По станционному двору прокатывается легкая волна смешков. Утром у диспетчеров есть еще силы шутить. Мы идем через навес с лавочками, через двор, минуя вновь прибывших фельдшеров, пускающих в воздух облака дыма и передающих друг другу кофейные чашки. Каким все кажется родным и милым, когда ты уже отработал.
– Антоха!
– Чего тебе?
– Как смена прошла?
– Из газет узнаешь, – отмахиваюсь я.
Одна из «ГАЗелей» срывается с места, на ходу включая сирену с мигалкой. Судя по всему, девятнадцатой дали что-то серьезное. Мы провожаем машину взглядом.
– Затягивает, правда? – неожиданно спрашивает Алина.
– Что именно?
– Работа. Утром у меня такое чувство было, что из меня все соки вытянули. Казалось, до кровати доползти бы и рухнуть. А сейчас, как только сирену услышала, так и вздрогнула. Против воли мысли появились – что там? Что за вызов? Нужна ли помощь?
– И на ходу бы в машину прыгнула, – улыбаюсь я. – Да, есть такое дело.
– Антон, вас подвезти? – кричит через двор Серега, открывая дверь своего «Москвича».
Мотаю головой.
– Нет, мы сами. Спасибо.
Выходим со станционного двора, щурясь от непривычно яркого солнца. Кажется, даже стало немного теплее. Хотя, может, солнце здесь и не причем.
Тринадцатая бригада, проехав мимо, сигналит нам. Мы машем руками им вслед. Счастливого вам пути, ребята. Легкой дороги, первого этажа, уважительных родственников, вежливого больного.
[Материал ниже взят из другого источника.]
lemma state_dependent_delay_expansion:
  assumes "a1 \<le> a" "a \<le> a2"
  shows "\<bar>u (t - a - c * u t) - (u (t - a) - c * u t * L u (t - a)
      - c * u t * (c * u (t - a)) * (\<kappa>1 * L u (t - a - a1) + \<kappa>2 * L u (t - a - a2))
      + (c * u t)\<^sup>2 / 2 * L (L u) (t - a))\<bar> \<le> C_delay * N ^ 4"
proof -
  define s h where "s = t - a" and "h = c * u t"
  have h: "\<bar>h\<bar> \<le> c * N"
    unfolding h_def using abs_shift_le a1_pos a1_less_a2 by simp
  have s: "t - a2 \<le> s" "s \<le> t - a1"
    unfolding s_def using assms by simp_all
  have "u (s - h) - (u s - h * L u s - h * (c * u s) * (\<kappa>1 * L u (s - a1) + \<kappa>2 * L u (s - a2))
      + h\<^sup>2 / 2 * L (L u) s)
      = (u (s - h) - (u s - h * u' s + h\<^sup>2 / 2 * L (L u) s))
        - h * (u' s - (L u s + c * u s * (\<kappa>1 * L u (s - a1) + \<kappa>2 * L u (s - a2))))"
    by (simp add: algebra_simps)
  also have "\<bar>\<dots>\<bar> \<le> C_second_order * N ^ 4
      + c * N * ((\<kappa>1 + \<kappa>2) * C_first_order * N ^ 3)"
    using second_order_expansion[OF s h] derivative_expansion[OF s] h norm5_nonneg c_pos
    by (intro order_trans[OF abs_triangle_ineq4 add_mono])
      (auto simp: abs_mult intro: mult_mono)
  also have "\<dots> = C_delay * N ^ 4"
    by (simp add: C_delay_def power4_eq_xxxx power3_eq_cube algebra_simps)
  finally show ?thesis
    unfolding s_def h_def by (simp add: algebra_simps)
qed
text \<open>The Armijo rule decreases \<open>f(x\<^sup>k)\<close> by at least \<open>\<beta> t\<^sub>k \<parallel>d\<^sup>k\<parallel>\<^sup>2\<close>, so
  \<open>\<Sum> t\<^sub>k \<parallel>d\<^sup>k\<parallel>\<^sup>2 < \<infinity>\<close> because \<open>f\<close> is bounded below along the iterates; in particular
  \<open>\<parallel>x\<^sup>k\<^sup>+\<^sup>1 - x\<^sup>k\<parallel> \<rightarrow> 0\<close>. Near any point, uniform continuity of \<open>\<nabla>f\<close> and the mean value
  theorem prevent backtracking from shrinking \<open>t\<^sub>k\<close> much while \<open>\<parallel>d\<^sup>k\<parallel>\<close> stays away from
  zero, so vanishing decrements force short directions there. If the radii stopped shrinking,
  all later directions would be longer than \<open>r\<^sub>k\<close>, the path length would be finite and the
  limit of the iterates would contradict this; hence \<open>\<epsilon>\<^sub>k, r\<^sub>k \<rightarrow> 0\<close>. At an accumulation
  point with \<open>\<nabla>f(a) \<noteq> 0\<close> the inexact gradients stay away from zero while \<open>r\<^sub>k + \<epsilon>\<^sub>k \<rightarrow> 0\<close>,
  again producing long directions near \<open>a\<close>. Parts (iii) and (iv) hold for every sequence
  whose consecutive distances tend to zero.\<close>

section \<open>Accumulation points of sequences with vanishing steps\<close>

lemma acc_points_iff:
  fixes x :: "nat \<Rightarrow> 'a::metric_space"
  shows "a \<in> acc_points x \<longleftrightarrow> (\<forall>e>0. \<forall>N. \<exists>k\<ge>N. dist (x k) a < e)"
proof
  assume "a \<in> acc_points x"
  then obtain h where h: "strict_mono h" "(x \<circ> h) \<longlonglongrightarrow> a"
    by (auto simp: acc_points_def)
  show "\<forall>e>0. \<forall>N. \<exists>k\<ge>N. dist (x k) a < e"
  proof (intro allI impI)
    fix e :: real and N assume "e > 0"
    then obtain M where M: "\<And>n. n \<ge> M \<Longrightarrow> dist (x (h n)) a < e"
      using h(2) unfolding lim_sequentially by auto
    have "N \<le> h (max M N)"
      using seq_suble[OF h(1), of "max M N"] by linarith
    with M[of "max M N"] show "\<exists>k\<ge>N. dist (x k) a < e" by auto
  qed
next
  assume close: "\<forall>e>0. \<forall>N. \<exists>k\<ge>N. dist (x k) a < e"
  have "\<exists>h. \<forall>n. dist (x (h n)) a < inverse (real n + 1) \<and> h n < h (Suc n)"
  proof (rule dependent_nat_choice)
    show "\<exists>k. dist (x k) a < inverse (real 0 + 1)"
      using close[rule_format, of 1 0] by auto
    fix k n
    have "0 < inverse (real (Suc n) + 1)"
      by simp
    then obtain k' where "k' \<ge> Suc k" "dist (x k') a < inverse (real (Suc n) + 1)"
      using close by blast
    then show "\<exists>k'. dist (x k') a < inverse (real (Suc n) + 1) \<and> k < k'" by auto
  qed
  then obtain h where h: "\<And>n. dist (x (h n)) a < inverse (real n + 1)" "\<And>n. h n < h (Suc n)"
    by blast
  have "(\<lambda>n. dist ((x \<circ> h) n) a) \<longlonglongrightarrow> 0"
  proof (rule tendsto_sandwich[of "\<lambda>_. 0" _ _ "\<lambda>n. inverse (real n + 1)"])
    show "(\<lambda>n. inverse (real n + 1)) \<longlonglongrightarrow> 0"
      using LIMSEQ_inverse_real_of_nat_add[of 0] by (simp add: add.commute)
  qed (auto intro!: always_eventually less_imp_le[OF h(1)])
  then have "(x \<circ> h) \<longlonglongrightarrow> a"
    by (rule tendsto_dist_iff[THEN iffD2])
  moreover have "strict_mono h"
    using h(2) by (simp add: strict_mono_Suc_iff)
  ultimately show "a \<in> acc_points x"
    unfolding acc_points_def by blast
qed

lemma compact_frequently_imp_acc_point:
  fixes x :: "nat \<Rightarrow> 'a::metric_space"
  assumes "compact K" and frequently: "\<And>N. \<exists>k\<ge>N. x k \<in> K"
  shows "\<exists>b\<in>K. b \<in> acc_points x"
proof -
  let ?S = "{k. x k \<in> K}"
  have S: "infinite ?S"
    using frequently by (simp add: infinite_nat_iff_unbounded_le)
  have "\<forall>n. (x \<circ> enumerate ?S) n \<in> K"
    using enumerate_in_set[OF S] by auto
  then obtain b h where b: "b \<in> K" "strict_mono h" "(x \<circ> enumerate ?S \<circ> h) \<longlonglongrightarrow> b"
    using compact_imp_seq_compact[OF \<open>compact K\<close>] seq_compactE by metis
  have "strict_mono (enumerate ?S \<circ> h)"
    using strict_mono_enumerate[OF S] b(2) by (rule strict_mono_o)
  with b(3) have "b \<in> acc_points x"
    unfolding acc_points_def by (auto simp: comp_assoc)
  with b(1) show ?thesis by blast
qed

text \<open>If the sequence did not converge to the isolated accumulation point \<open>a\<close>, they would
  leave and re-enter the ball of radius \<open>c\<close> around \<open>a\<close> infinitely often; with steps
  eventually shorter than \<open>c/4\<close> they cannot jump over the annulus
  \<open>cball a c - ball a (c/2)\<close>, whose compactness then yields a second accumulation point
  close to \<open>a\<close>.\<close>

lemma tendsto_isolated_acc_point:
  fixes x :: "nat \<Rightarrow> 'a::heine_borel"
  assumes steps: "(\<lambda>k. dist (x (Suc k)) (x k)) \<longlonglongrightarrow> 0"
    and a: "a \<in> acc_points x" and "e > 0"
    and isolated: "\<forall>b \<in> acc_points x. dist b a < e \<longrightarrow> b = a"
  shows "x \<longlonglongrightarrow> a"
proof (rule ccontr)
  assume "\<not> x \<longlonglongrightarrow> a"
  then obtain \<epsilon> where "\<epsilon> > 0" and far: "\<And>N. \<exists>k\<ge>N. \<epsilon> \<le> dist (x k) a"
    unfolding lim_sequentially by (meson not_le)
  define c where "c = min \<epsilon> (e/2)"
  have c: "0 < c" "c \<le> \<epsilon>" "c < e"
    using \<open>\<epsilon> > 0\<close> \<open>e > 0\<close> by (auto simp: c_def)
  obtain M where M: "\<And>k. k \<ge> M \<Longrightarrow> dist (x (Suc k)) (x k) < c/4"
    using LIMSEQ_D[OF steps, of "c/4"] c(1) by auto
  let ?A = "cball a c - ball a (c/2)"
  have crossing: "\<exists>k\<ge>N. x k \<in> ?A" for N
  proof (rule ccontr)
    assume avoid: "\<not> (\<exists>k\<ge>N. x k \<in> ?A)"
    obtain k0 where k0: "k0 \<ge> max N M" "dist (x k0) a < c/2"
      using a c(1) unfolding acc_points_iff by (meson half_gt_zero)
    have inside: "dist (x k) a < c/2" if "k \<ge> k0" for k
      using that
    proof (induction k rule: dec_induct)
      case (step k)
      have "dist (x (Suc k)) a \<le> dist (x (Suc k)) (x k) + dist (x k) a"
        by (rule dist_triangle)
      also have "\<dots> < c"
        using M[of k] step k0 c(1) by simp
      finally show ?case
        using avoid step k0 by (auto simp: dist_commute)
    qed (use k0 in simp)
    obtain k where "k \<ge> k0" "\<epsilon> \<le> dist (x k) a"
      using far by blast
    with inside[of k] c show False by simp
  qed
  have "compact ?A"
    by (intro compact_diff compact_cball open_ball)
  then obtain b where b: "b \<in> ?A" "b \<in> acc_points x"
    using compact_frequently_imp_acc_point crossing by blast
  with isolated c have "b = a"
    by (auto simp: dist_commute)
  with b(1) c(1) show False by simp
qed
Оборачиваюсь на здание подстанции, окаймленное высокими, мокрыми с ночи, кипарисами. Во дворе началась небольшая суета – у «пятерки», кажется, поломалась машина. Сразу трое водителей, судя по жестам, ругающиеся, на чем свет стоит, пытаются подступиться к приоткрытому капоту «ГАЗели», откуда вырывается белая струя пара.
– Жалко, что все так, – вздыхает Алина. – Машины старые, форма холодная… ведь для людей же работаем. А они на собственное здоровье денег жалеют.
Я беру ее за руку.
– Ничего. Если все пойдет, как я думаю, скоро будем работать с новыми, импортными, укладками вместо наших развалюх.
– Откуда ты знаешь? – вскидывает бровки Алина.
– Интуиция.
Держась за руки, мы идем по утренней, залитой светом, улице, покачивая сумками, где лежит рабочая форма. Нам хорошо. Эта смена была тяжелой, как и многие до нее. Что-то, несомненно, она в душе сожгла, что-то, наоборот, возродила из пепла. Пусть так. Рано или поздно люди поймут… впрочем, поймут ли? Смогут ли признаться самим себе, что всю свою жизнь недооценивали труд медиков «Скорой помощи», людей, перед глазами которых проходит столько человеческого горя и трагедий?
Я люблю свою работу. Люблю свою холодную «ГАЗель», люблю ругань Офелии, люблю болтливый говорок Дарьи Сергеевны, циничность и простоту Сереги, люблю толчею в заправочной и шквал вызовов в рации, люблю свою бригаду. Кажется, начинаю любить даже милое молчание прильнувшей к моему плечу Алины. Даже поганец Гена мне дорог… потому что он мой, скоропомощной, поганец. Мы – единое целое. Мы – одна большая, накрепко соединенная профессией, семья. В отличие от многих все мы, даже жаждая денег, все равно работаем за идею.